- _Directions for this task_: Could you print all the entries exactly?

- _Given records_:

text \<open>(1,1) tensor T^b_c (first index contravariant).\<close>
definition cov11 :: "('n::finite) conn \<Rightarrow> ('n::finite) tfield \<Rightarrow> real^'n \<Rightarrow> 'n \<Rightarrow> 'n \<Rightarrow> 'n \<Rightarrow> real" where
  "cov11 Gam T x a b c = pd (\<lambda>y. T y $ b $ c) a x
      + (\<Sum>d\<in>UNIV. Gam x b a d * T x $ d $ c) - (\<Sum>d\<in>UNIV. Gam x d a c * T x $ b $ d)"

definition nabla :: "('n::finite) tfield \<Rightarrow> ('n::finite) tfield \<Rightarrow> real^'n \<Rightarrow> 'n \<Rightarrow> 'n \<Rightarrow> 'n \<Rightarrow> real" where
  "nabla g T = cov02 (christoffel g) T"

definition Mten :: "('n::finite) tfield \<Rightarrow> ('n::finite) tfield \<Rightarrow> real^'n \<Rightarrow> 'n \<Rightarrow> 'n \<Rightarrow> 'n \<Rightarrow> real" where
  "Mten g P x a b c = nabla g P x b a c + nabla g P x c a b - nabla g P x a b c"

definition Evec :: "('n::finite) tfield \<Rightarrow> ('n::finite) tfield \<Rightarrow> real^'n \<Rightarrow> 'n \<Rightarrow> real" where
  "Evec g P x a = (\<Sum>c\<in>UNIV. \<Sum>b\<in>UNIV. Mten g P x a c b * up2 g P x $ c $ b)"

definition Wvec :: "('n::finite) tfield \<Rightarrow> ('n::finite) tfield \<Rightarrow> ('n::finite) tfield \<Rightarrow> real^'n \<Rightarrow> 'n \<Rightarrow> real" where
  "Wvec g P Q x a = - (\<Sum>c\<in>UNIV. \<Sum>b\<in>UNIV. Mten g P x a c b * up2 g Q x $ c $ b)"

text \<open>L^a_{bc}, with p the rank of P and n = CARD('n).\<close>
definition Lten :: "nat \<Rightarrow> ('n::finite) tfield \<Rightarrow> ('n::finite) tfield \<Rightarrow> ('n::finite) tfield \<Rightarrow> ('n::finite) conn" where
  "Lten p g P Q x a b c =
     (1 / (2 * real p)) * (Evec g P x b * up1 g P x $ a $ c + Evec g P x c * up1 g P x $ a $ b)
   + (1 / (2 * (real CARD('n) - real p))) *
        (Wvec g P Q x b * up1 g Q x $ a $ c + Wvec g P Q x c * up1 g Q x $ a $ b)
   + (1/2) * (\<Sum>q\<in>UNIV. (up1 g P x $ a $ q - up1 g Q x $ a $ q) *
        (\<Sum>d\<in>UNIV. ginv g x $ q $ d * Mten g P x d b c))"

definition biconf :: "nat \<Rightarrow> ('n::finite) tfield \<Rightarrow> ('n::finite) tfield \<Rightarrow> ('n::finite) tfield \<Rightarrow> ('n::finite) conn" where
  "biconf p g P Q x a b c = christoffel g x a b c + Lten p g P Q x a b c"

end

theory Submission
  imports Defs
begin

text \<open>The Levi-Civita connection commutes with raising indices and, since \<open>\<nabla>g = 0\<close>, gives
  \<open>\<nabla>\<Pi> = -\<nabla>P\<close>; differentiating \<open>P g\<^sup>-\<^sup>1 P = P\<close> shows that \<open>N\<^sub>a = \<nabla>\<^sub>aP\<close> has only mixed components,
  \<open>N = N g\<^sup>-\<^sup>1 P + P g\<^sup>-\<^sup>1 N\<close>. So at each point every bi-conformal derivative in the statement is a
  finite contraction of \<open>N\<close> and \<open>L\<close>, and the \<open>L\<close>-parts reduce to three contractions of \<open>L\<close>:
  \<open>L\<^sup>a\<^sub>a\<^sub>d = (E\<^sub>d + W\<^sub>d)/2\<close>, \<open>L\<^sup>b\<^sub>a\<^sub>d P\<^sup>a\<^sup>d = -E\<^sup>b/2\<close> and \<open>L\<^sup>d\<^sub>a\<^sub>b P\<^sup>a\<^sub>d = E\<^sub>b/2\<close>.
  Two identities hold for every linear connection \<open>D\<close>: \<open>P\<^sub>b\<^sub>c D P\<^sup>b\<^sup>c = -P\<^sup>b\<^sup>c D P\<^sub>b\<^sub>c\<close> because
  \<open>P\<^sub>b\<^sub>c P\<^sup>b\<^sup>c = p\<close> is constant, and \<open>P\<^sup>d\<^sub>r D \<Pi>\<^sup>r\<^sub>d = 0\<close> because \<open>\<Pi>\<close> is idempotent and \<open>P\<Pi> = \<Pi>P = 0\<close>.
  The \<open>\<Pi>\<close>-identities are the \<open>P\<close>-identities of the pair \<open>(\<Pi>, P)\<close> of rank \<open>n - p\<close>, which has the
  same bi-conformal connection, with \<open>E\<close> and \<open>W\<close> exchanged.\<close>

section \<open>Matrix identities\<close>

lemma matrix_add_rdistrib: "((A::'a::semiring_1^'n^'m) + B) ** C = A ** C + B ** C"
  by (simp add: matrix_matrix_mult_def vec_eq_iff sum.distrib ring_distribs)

- _Solution for this exercise_:
text \<open>(1,1) tensor T^b_c (first index contravariant).\<close>
definition cov11 :: "('n::finite) conn \<Rightarrow> ('n::finite) tfield \<Rightarrow> real^'n \<Rightarrow> 'n \<Rightarrow> 'n \<Rightarrow> 'n \<Rightarrow> real" where
  "cov11 Gam T x a b c = pd (\<lambda>y. T y $ b $ c) a x
      + (\<Sum>d\<in>UNIV. Gam x b a d * T x $ d $ c) - (\<Sum>d\<in>UNIV. Gam x d a c * T x $ b $ d)"

definition nabla :: "('n::finite) tfield \<Rightarrow> ('n::finite) tfield \<Rightarrow> real^'n \<Rightarrow> 'n \<Rightarrow> 'n \<Rightarrow> 'n \<Rightarrow> real" where
  "nabla g T = cov02 (christoffel g) T"

definition Mten :: "('n::finite) tfield \<Rightarrow> ('n::finite) tfield \<Rightarrow> real^'n \<Rightarrow> 'n \<Rightarrow> 'n \<Rightarrow> 'n \<Rightarrow> real" where
  "Mten g P x a b c = nabla g P x b a c + nabla g P x c a b - nabla g P x a b c"

definition Evec :: "('n::finite) tfield \<Rightarrow> ('n::finite) tfield \<Rightarrow> real^'n \<Rightarrow> 'n \<Rightarrow> real" where
  "Evec g P x a = (\<Sum>c\<in>UNIV. \<Sum>b\<in>UNIV. Mten g P x a c b * up2 g P x $ c $ b)"

definition Wvec :: "('n::finite) tfield \<Rightarrow> ('n::finite) tfield \<Rightarrow> ('n::finite) tfield \<Rightarrow> real^'n \<Rightarrow> 'n \<Rightarrow> real" where
  "Wvec g P Q x a = - (\<Sum>c\<in>UNIV. \<Sum>b\<in>UNIV. Mten g P x a c b * up2 g Q x $ c $ b)"

text \<open>L^a_{bc}, with p the rank of P and n = CARD('n).\<close>
definition Lten :: "nat \<Rightarrow> ('n::finite) tfield \<Rightarrow> ('n::finite) tfield \<Rightarrow> ('n::finite) tfield \<Rightarrow> ('n::finite) conn" where
  "Lten p g P Q x a b c =
     (1 / (2 * real p)) * (Evec g P x b * up1 g P x $ a $ c + Evec g P x c * up1 g P x $ a $ b)
   + (1 / (2 * (real CARD('n) - real p))) *
        (Wvec g P Q x b * up1 g Q x $ a $ c + Wvec g P Q x c * up1 g Q x $ a $ b)
   + (1/2) * (\<Sum>q\<in>UNIV. (up1 g P x $ a $ q - up1 g Q x $ a $ q) *
        (\<Sum>d\<in>UNIV. ginv g x $ q $ d * Mten g P x d b c))"

definition biconf :: "nat \<Rightarrow> ('n::finite) tfield \<Rightarrow> ('n::finite) tfield \<Rightarrow> ('n::finite) tfield \<Rightarrow> ('n::finite) conn" where
  "biconf p g P Q x a b c = christoffel g x a b c + Lten p g P Q x a b c"

end

theory Submission
  imports Defs
begin

text \<open>The Levi-Civita connection commutes with raising indices and, since \<open>\<nabla>g = 0\<close>, gives
  \<open>\<nabla>\<Pi> = -\<nabla>P\<close>; differentiating \<open>P g\<^sup>-\<^sup>1 P = P\<close> shows that \<open>N\<^sub>a = \<nabla>\<^sub>aP\<close> has only mixed components,
  \<open>N = N g\<^sup>-\<^sup>1 P + P g\<^sup>-\<^sup>1 N\<close>. So at each point every bi-conformal derivative in the statement is a
  finite contraction of \<open>N\<close> and \<open>L\<close>, and the \<open>L\<close>-parts reduce to three contractions of \<open>L\<close>:
  \<open>L\<^sup>a\<^sub>a\<^sub>d = (E\<^sub>d + W\<^sub>d)/2\<close>, \<open>L\<^sup>b\<^sub>a\<^sub>d P\<^sup>a\<^sup>d = -E\<^sup>b/2\<close> and \<open>L\<^sup>d\<^sub>a\<^sub>b P\<^sup>a\<^sub>d = E\<^sub>b/2\<close>.
  Two identities hold for every linear connection \<open>D\<close>: \<open>P\<^sub>b\<^sub>c D P\<^sup>b\<^sup>c = -P\<^sup>b\<^sup>c D P\<^sub>b\<^sub>c\<close> because
  \<open>P\<^sub>b\<^sub>c P\<^sup>b\<^sup>c = p\<close> is constant, and \<open>P\<^sup>d\<^sub>r D \<Pi>\<^sup>r\<^sub>d = 0\<close> because \<open>\<Pi>\<close> is idempotent and \<open>P\<Pi> = \<Pi>P = 0\<close>.
  The \<open>\<Pi>\<close>-identities are the \<open>P\<close>-identities of the pair \<open>(\<Pi>, P)\<close> of rank \<open>n - p\<close>, which has the
  same bi-conformal connection, with \<open>E\<close> and \<open>W\<close> exchanged.\<close>

section \<open>Matrix identities\<close>

lemma matrix_add_rdistrib: "((A::'a::semiring_1^'n^'m) + B) ** C = A ** C + B ** C"
  by (simp add: matrix_matrix_mult_def vec_eq_iff sum.distrib ring_distribs)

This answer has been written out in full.